(This is an English translation of my original Japanese article: 日本語版はこちら: https://blog.shibayu36.org/entry/2026/03/09/173000)
When I use gh api from Claude Code to fetch information from GitHub, a permission prompt pops up every single time, which is painful. Even a harmless command like the one below — just listing commits — needs my approval each run.
gh api "repos/anthropics/claude-code/commits?per_page=100&page=1"
But blanket-allowing gh api for convenience feels scary. The gh command can also do write operations like creating issues or merging PRs, so there's a real risk of unintended changes. I kept thinking: I wish I could allow only readonly operations.
While looking for a workaround, I found that the gh command supports switching profiles via the GH_CONFIG_DIR environment variable. So I used that to set up a dedicated readonly gh profile, wrapped it in a small command called ghro, and allowlisted only that wrapper in Claude Code.
First, create a Fine-grained personal access token on GitHub. Limit the permissions to readonly repository scopes only, and keep things like secret access closed.
Next, authenticate with a separate readonly profile. Changing GH_CONFIG_DIR lets you keep credentials separate from your normal gh.
GH_CONFIG_DIR=~/.config/ghro gh auth login --with-token <<< "<your-token>"

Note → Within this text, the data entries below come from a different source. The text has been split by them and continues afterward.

(* Let $2\le M_R\le M_T$, $\sigma^2>0$, let $\tilde{\mathbf\Phi}\in\mathbb R^{M_R\times M_T}$ have i.i.d. $\mathcal N(0,\sigma^2)$ entries, and let $\mathbf\Sigma\in\mathbb R^{M_R\times M_T}$ have $[\mathbf\Sigma]_{1,1}=\sqrt{M_TM_R}$ and all other entries zero. Write $\mathbf S=-j\mathbf\Sigma+\tilde{\mathbf\Phi}=[\mathbf s_1\ \cdots\ \mathbf s_{M_R}]^T$. Define $\mathbf s_1^\perp=\mathbf s_1$ and, for $i=2,\dots,M_R$, $\mathbf A_i=\mathbf I_{M_T}-\sum_{n=1}^{i-1}\frac{\mathbf s_n^\perp\mathbf s_n^{\perp H}}{\|\mathbf s_n^\perp\|^2}$ and $\mathbf s_i^\perp=\mathbf A_i\mathbf s_i$ (Gram–Schmidt). Then, with probability 1, for each $i=2,\dots,M_R$ the real symmetric matrix $\mathrm{Re}(\mathbf A_i)$ has eigenvalues $$\{\underbrace{1,\dots,1}_{M_T-i},\ \underbrace{0,\dots,0}_{i-2},\ \eta^{(i)},\ 1-\eta^{(i)}\}$$ for some $\eta^{(i)}=\eta^{(i)}(\mathbf s_1^\perp,\dots,\mathbf s_{i-1}^\perp)\in[0,1]$.
   Context: $\mathbf s_i^T$ denotes the $i$th row of $\mathbf S$; $\mathrm{Re}$ is the entrywise real part. *)

theory Defs
  imports "HOL-Probability.Probability" "Jordan_Normal_Form.Char_Poly"
begin

definition cvnorm2 :: "complex vec \<Rightarrow> real" where
  "cvnorm2 v = (\<Sum>k<dim_vec v. (cmod (v $ k))\<^sup>2)"

definition outer_H :: "complex vec \<Rightarrow> complex mat" where
  "outer_H v = mat (dim_vec v) (dim_vec v) (\<lambda>(r, c). v $ r * cnj (v $ c))"

definition gs_proj :: "nat \<Rightarrow> complex vec list \<Rightarrow> complex mat" where
  "gs_proj n vs = 1\<^sub>m n - foldr (\<lambda>v B. (complex_of_real (1 / cvnorm2 v)) \<cdot>\<^sub>m outer_H v + B) vs (0\<^sub>m n n)"

text \<open>gs_perps S k = [s_1^perp, ..., s_k^perp] (Gram-Schmidt on the rows of S, rows 0-indexed).\<close>
fun gs_perps :: "complex mat \<Rightarrow> nat \<Rightarrow> complex vec list" where
  "gs_perps S 0 = []"
| "gs_perps S (Suc k) = gs_perps S k @ [gs_proj (dim_col S) (gs_perps S k) *\<^sub>v row S k]"

text \<open>Paper's A_i (1-based i): projector built from s_1^perp, ..., s_(i-1)^perp.\<close>
definition gs_A :: "complex mat \<Rightarrow> nat \<Rightarrow> complex mat" where
  "gs_A S i = gs_proj (dim_col S) (gs_perps S (i - 1))"

definition Re_mat :: "complex mat \<Rightarrow> real mat" where
  "Re_mat A = map_mat Re A"

definition S_mat :: "nat \<Rightarrow> nat \<Rightarrow> (nat \<times> nat \<Rightarrow> real) \<Rightarrow> complex mat" where
  "S_mat MR MT Phi = mat MR MT (\<lambda>(r, c).
     (if r = 0 \<and> c = 0 then - \<i> * complex_of_real (sqrt (real MT * real MR)) else 0)
     + complex_of_real (Phi (r, c)))"

definition has_eigenvalues :: "real mat \<Rightarrow> real multiset \<Rightarrow> bool" where
  "has_eigenvalues A E \<longleftrightarrow> char_poly A = prod_mset (image_mset (\<lambda>x. [:- x, 1:]) E)"

end

theory Submission
  imports Defs "Jordan_Normal_Form.Schur_Decomposition"
begin

(* Index the rows of S = -j Sigma + Phi from 0, so s_0 = -j gamma e_0 + phi_0 and s_j = phi_j for
   j > 0, where gamma = sqrt (MT * MR) and phi_j is the j-th row of Phi.  For k = i - 1 the matrix
   A = gs_A S i is I minus the orthogonal projector onto the span of the Gram-Schmidt vectors
   g_0, ..., g_(k-1), hence
     (a) every column of I - A lies in the span of s_0, ..., s_(k-1),
     (b) A s_j = 0 for j < k, and
     (c) Re (x^H A x) >= 0 for every x.
   Taking real parts of (a) and (b), M = Re A satisfies M Q = Q T, where Q has the columns
   e_0, phi_0, ..., phi_(k-1), e_(k+1), ..., e_(MT-1) and T is block triangular with a 2x2 block of
   trace 1, a zero block of size k - 1 and an identity block of size MT - k - 1.  If Q is
   invertible, M is similar to T; the 2x2 block has real eigenvalues eta and 1 - eta, and (c)
   forces eta into [0,1].  Finally det Q is the k x k minor of Phi on rows 0..k-1 and columns 1..k;
   if the (k-1)-minor is nonzero, the k-minor vanishes only when one entry of Phi equals a
   measurable function of the others (Laplace expansion), a null event for atomless coordinates. *)


section \<open>Inner products and orthogonal residuals\<close>

lemma sum_eq_single:
  assumes "a \<in> S" "finite S" "\<And>j. j \<in> S \<Longrightarrow> j \<noteq> a \<Longrightarrow> g j = 0"
  shows "sum g S = g a"
proof -
  have "sum g S = g a + sum g (S - {a})" by (rule sum.remove) (use assms in auto)
  also have "sum g (S - {a}) = 0" by (rule sum.neutral) (use assms in auto)
  finally show ?thesis by simp
qed

lemma sum_delta_right:
  "c < (n::nat) \<Longrightarrow> (\<Sum>d<n. f d * (if d = c then 1 else 0)) = (f c :: 'a :: comm_ring_1)"
  by (subst sum_eq_single[of c]) auto

text \<open>Vectors are functions \<open>nat \<Rightarrow> complex\<close> of which only the first \<open>n\<close> coordinates matter.\<close>

definition cinner :: "nat \<Rightarrow> (nat \<Rightarrow> complex) \<Rightarrow> (nat \<Rightarrow> complex) \<Rightarrow> complex" where
  "cinner n x y = (\<Sum>r<n. cnj (x r) * y r)"

lemma cinner_cong:
  "(\<And>r. r < n \<Longrightarrow> x r = x' r) \<Longrightarrow> (\<And>r. r < n \<Longrightarrow> y r = y' r) \<Longrightarrow> cinner n x y = cinner n x' y'"
  unfolding cinner_def by (rule sum.cong) auto

lemma cinner_self: "cinner n v v = complex_of_real (\<Sum>r<n. (cmod (v r))\<^sup>2)"
  unfolding cinner_def of_real_sum
  by (rule sum.cong, simp, subst complex_norm_square, simp add: mult.commute)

Then create the ghro wrapper script and place it somewhere on your PATH.
#!/bin/sh
GH_CONFIG_DIR=~/.config/ghro exec gh "$@"
chmod +x ghro
Finally, instruct Claude Code in CLAUDE.md to use ghro. I have it set up like this:
## When fetching information or content from GitHub
- Use the ghro command for readonly access to GitHub information
- Fetch cannot retrieve file contents — use the ghro command instead
- For any write operations, use the gh command instead of ghro
Now readonly operations run without permission prompts, and write operations still go through the regular gh command and properly trigger a permission prompt. By splitting read and write, I can have guardrails and convenience at the same time.